Required work: Line count for "cases": give the number of lines in the records below that hold it, and nothing else.

Supplied entries:

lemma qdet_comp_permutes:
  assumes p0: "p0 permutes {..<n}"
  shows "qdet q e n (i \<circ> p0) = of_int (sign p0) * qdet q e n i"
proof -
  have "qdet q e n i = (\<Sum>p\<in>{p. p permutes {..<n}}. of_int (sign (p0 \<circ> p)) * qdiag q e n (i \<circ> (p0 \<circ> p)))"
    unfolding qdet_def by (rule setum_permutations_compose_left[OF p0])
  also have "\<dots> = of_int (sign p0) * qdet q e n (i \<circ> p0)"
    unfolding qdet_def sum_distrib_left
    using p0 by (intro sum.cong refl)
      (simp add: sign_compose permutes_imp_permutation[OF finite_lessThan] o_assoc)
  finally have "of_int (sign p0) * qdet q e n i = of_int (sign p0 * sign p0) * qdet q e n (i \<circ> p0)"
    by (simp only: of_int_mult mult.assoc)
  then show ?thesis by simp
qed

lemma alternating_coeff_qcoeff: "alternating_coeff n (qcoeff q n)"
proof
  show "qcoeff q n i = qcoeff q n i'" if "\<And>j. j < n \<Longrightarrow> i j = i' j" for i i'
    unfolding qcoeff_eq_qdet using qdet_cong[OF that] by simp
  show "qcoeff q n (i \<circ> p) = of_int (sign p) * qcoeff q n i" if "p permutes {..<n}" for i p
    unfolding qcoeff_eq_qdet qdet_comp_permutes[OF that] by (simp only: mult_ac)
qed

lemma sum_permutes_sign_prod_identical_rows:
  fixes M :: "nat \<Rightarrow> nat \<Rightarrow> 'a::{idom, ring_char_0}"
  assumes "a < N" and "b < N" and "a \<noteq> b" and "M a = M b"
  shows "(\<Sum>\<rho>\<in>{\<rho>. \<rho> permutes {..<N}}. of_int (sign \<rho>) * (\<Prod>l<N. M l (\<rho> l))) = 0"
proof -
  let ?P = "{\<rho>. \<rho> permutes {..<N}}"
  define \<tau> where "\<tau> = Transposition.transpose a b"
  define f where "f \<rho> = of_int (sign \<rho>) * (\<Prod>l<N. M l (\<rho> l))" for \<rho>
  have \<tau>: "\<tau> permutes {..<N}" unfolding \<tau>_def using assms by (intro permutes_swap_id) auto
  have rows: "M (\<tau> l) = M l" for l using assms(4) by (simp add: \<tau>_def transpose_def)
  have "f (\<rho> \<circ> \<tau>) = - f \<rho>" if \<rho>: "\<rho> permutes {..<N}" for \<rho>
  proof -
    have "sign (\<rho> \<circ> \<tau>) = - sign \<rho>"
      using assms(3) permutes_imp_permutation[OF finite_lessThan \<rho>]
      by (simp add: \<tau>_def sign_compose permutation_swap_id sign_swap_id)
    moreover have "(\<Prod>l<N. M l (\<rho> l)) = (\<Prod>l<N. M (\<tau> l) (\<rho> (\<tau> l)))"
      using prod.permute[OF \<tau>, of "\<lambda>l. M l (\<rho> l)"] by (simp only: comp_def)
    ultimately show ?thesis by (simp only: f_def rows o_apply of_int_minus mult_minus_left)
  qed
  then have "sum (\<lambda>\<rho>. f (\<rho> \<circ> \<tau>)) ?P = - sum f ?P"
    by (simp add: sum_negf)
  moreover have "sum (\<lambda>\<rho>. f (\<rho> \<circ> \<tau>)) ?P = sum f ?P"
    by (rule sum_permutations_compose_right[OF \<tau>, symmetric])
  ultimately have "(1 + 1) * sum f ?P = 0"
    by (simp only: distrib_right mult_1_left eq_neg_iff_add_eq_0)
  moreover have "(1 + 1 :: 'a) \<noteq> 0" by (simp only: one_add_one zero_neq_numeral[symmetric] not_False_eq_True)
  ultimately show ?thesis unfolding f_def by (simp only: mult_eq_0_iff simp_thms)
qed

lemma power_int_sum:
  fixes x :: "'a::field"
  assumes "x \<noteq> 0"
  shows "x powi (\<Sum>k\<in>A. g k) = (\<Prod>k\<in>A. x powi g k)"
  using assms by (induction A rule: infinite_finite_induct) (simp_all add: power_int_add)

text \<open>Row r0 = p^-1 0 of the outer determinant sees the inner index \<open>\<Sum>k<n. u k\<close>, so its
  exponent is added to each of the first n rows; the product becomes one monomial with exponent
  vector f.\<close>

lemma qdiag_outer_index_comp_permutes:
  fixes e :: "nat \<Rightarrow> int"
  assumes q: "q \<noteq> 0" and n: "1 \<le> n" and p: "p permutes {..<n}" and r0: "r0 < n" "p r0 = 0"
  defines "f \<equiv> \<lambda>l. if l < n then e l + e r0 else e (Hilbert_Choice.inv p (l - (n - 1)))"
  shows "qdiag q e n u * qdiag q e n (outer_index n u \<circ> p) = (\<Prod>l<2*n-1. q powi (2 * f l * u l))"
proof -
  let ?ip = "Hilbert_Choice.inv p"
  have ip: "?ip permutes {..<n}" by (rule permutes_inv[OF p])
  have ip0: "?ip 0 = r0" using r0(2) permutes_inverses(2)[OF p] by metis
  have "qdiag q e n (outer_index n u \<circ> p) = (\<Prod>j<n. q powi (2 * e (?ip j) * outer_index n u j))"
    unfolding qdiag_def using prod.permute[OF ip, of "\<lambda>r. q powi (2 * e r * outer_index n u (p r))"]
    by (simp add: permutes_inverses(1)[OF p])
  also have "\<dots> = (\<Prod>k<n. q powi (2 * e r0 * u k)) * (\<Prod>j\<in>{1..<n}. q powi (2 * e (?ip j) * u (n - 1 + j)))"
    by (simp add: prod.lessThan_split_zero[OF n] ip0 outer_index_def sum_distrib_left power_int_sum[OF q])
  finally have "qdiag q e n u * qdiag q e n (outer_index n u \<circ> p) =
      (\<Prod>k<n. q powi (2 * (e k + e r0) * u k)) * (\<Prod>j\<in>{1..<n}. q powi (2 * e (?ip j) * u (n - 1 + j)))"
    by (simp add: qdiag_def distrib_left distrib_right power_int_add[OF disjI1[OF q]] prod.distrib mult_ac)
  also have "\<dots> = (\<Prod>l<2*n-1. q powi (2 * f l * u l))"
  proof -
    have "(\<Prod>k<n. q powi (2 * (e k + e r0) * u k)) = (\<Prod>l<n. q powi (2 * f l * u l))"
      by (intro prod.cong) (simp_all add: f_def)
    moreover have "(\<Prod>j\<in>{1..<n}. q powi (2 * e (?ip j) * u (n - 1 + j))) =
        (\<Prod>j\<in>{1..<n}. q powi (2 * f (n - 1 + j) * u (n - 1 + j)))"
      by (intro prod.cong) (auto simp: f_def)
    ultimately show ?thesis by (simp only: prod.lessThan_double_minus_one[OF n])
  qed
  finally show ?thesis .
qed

* * *

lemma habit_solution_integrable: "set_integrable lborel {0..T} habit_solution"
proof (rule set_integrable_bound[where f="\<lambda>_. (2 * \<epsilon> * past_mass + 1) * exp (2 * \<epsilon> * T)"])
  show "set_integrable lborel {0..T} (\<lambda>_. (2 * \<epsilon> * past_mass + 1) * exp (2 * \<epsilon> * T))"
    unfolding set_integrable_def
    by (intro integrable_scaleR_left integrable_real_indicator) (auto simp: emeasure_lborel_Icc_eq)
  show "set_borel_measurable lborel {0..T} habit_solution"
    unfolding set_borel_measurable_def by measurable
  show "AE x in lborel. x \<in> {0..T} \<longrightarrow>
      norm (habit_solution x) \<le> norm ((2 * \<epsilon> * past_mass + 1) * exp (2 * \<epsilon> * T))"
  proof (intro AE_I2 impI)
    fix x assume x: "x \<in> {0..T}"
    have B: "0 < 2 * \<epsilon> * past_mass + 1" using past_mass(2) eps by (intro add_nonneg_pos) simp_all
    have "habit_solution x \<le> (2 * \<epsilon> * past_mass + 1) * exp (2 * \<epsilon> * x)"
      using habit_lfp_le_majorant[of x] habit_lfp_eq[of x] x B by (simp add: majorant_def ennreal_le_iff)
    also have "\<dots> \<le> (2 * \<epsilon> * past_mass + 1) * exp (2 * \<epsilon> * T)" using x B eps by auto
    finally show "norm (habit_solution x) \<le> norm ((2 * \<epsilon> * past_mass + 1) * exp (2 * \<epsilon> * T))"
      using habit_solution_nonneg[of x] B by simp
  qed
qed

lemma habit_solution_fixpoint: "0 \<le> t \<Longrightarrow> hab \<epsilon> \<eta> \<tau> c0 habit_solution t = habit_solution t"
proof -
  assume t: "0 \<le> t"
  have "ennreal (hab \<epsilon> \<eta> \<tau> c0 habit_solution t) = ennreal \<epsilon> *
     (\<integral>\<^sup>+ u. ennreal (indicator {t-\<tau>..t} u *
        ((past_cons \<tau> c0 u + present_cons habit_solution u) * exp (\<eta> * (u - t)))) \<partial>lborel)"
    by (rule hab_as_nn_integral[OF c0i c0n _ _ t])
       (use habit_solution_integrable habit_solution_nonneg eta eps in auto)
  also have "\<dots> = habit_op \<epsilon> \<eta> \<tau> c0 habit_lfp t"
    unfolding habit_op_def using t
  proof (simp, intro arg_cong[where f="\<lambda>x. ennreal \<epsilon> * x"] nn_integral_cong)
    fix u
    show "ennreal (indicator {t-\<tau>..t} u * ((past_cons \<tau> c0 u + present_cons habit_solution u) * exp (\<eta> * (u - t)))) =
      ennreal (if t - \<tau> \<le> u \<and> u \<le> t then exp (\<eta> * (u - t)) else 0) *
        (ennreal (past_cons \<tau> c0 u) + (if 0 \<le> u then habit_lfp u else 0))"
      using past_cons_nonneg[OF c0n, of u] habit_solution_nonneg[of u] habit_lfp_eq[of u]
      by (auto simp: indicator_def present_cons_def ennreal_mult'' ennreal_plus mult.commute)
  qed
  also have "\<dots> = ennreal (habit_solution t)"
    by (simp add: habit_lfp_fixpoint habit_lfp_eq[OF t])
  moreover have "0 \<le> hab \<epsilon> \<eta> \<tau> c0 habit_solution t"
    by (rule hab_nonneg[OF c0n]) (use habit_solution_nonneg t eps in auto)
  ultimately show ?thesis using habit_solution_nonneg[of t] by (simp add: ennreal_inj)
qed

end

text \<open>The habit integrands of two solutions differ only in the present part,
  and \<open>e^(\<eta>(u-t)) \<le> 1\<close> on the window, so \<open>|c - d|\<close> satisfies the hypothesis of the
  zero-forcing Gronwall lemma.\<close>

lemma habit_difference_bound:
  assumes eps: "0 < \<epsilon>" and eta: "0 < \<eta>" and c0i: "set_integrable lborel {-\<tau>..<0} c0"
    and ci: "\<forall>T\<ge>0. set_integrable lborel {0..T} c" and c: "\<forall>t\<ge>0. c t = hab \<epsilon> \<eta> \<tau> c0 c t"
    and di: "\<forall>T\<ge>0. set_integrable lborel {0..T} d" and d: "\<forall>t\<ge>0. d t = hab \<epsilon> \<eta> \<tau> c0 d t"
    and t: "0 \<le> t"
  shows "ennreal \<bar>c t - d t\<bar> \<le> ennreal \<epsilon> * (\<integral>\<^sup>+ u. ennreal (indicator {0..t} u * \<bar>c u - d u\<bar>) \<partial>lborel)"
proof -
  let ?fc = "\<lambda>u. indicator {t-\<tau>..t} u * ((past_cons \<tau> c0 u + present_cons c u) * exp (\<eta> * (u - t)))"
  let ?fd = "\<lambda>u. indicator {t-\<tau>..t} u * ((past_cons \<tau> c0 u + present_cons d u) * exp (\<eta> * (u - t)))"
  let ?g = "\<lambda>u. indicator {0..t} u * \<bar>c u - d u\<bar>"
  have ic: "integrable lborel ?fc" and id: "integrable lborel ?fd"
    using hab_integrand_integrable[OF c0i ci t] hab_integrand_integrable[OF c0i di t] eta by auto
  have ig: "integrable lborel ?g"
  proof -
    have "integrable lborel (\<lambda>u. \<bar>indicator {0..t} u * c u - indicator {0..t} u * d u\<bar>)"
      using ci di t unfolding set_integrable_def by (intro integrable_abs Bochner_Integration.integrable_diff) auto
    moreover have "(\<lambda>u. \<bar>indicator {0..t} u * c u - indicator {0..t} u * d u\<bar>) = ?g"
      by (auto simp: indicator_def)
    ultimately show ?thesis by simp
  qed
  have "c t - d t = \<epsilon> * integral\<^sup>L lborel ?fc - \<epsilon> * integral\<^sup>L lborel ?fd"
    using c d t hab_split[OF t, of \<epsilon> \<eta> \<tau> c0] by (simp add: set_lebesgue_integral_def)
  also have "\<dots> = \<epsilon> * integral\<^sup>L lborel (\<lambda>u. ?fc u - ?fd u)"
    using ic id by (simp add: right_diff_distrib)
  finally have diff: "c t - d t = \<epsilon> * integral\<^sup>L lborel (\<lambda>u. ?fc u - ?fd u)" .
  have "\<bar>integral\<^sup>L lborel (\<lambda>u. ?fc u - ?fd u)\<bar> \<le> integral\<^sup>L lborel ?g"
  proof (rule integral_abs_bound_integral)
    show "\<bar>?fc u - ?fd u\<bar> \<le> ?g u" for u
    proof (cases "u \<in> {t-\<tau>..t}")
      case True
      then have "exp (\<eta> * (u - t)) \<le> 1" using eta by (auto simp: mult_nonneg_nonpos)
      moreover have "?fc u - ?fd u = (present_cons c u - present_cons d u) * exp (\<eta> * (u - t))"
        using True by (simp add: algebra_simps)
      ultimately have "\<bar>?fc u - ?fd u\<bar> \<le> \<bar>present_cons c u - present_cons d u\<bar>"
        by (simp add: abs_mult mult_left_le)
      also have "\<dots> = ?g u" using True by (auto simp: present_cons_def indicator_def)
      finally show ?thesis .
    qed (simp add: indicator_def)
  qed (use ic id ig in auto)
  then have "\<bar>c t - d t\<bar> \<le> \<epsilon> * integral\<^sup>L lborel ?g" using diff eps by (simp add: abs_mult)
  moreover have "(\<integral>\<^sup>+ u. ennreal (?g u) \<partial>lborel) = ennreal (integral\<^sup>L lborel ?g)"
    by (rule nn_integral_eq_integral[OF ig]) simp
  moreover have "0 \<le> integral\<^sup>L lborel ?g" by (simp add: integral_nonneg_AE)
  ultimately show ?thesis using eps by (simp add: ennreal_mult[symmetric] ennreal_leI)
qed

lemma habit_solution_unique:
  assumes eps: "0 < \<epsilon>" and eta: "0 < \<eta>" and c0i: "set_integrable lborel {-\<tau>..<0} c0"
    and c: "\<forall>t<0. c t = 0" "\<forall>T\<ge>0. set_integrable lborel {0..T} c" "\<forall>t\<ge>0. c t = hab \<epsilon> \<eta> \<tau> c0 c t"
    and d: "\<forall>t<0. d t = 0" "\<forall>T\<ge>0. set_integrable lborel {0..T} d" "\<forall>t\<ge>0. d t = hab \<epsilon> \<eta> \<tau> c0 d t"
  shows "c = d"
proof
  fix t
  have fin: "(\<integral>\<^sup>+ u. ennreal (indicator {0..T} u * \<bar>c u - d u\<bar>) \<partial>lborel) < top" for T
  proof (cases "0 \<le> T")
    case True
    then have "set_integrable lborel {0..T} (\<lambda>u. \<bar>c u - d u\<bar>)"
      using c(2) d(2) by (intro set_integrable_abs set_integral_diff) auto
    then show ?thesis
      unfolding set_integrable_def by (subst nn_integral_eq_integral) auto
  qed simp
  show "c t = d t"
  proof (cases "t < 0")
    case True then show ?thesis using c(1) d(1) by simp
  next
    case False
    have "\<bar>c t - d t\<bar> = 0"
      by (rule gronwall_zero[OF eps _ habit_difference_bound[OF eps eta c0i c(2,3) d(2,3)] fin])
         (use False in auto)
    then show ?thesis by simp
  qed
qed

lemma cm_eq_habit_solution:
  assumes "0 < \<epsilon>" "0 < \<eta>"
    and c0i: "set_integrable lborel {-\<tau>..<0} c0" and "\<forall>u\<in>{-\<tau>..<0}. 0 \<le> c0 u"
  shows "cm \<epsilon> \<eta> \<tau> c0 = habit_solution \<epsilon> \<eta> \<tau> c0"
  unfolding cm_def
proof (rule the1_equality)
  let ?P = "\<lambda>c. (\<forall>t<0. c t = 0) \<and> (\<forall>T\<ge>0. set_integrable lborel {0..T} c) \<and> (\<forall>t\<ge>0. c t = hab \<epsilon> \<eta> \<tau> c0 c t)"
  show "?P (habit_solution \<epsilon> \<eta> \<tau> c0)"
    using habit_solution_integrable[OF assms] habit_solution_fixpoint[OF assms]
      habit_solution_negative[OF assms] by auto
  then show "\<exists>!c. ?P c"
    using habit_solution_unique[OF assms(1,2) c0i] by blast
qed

Result of the task: 3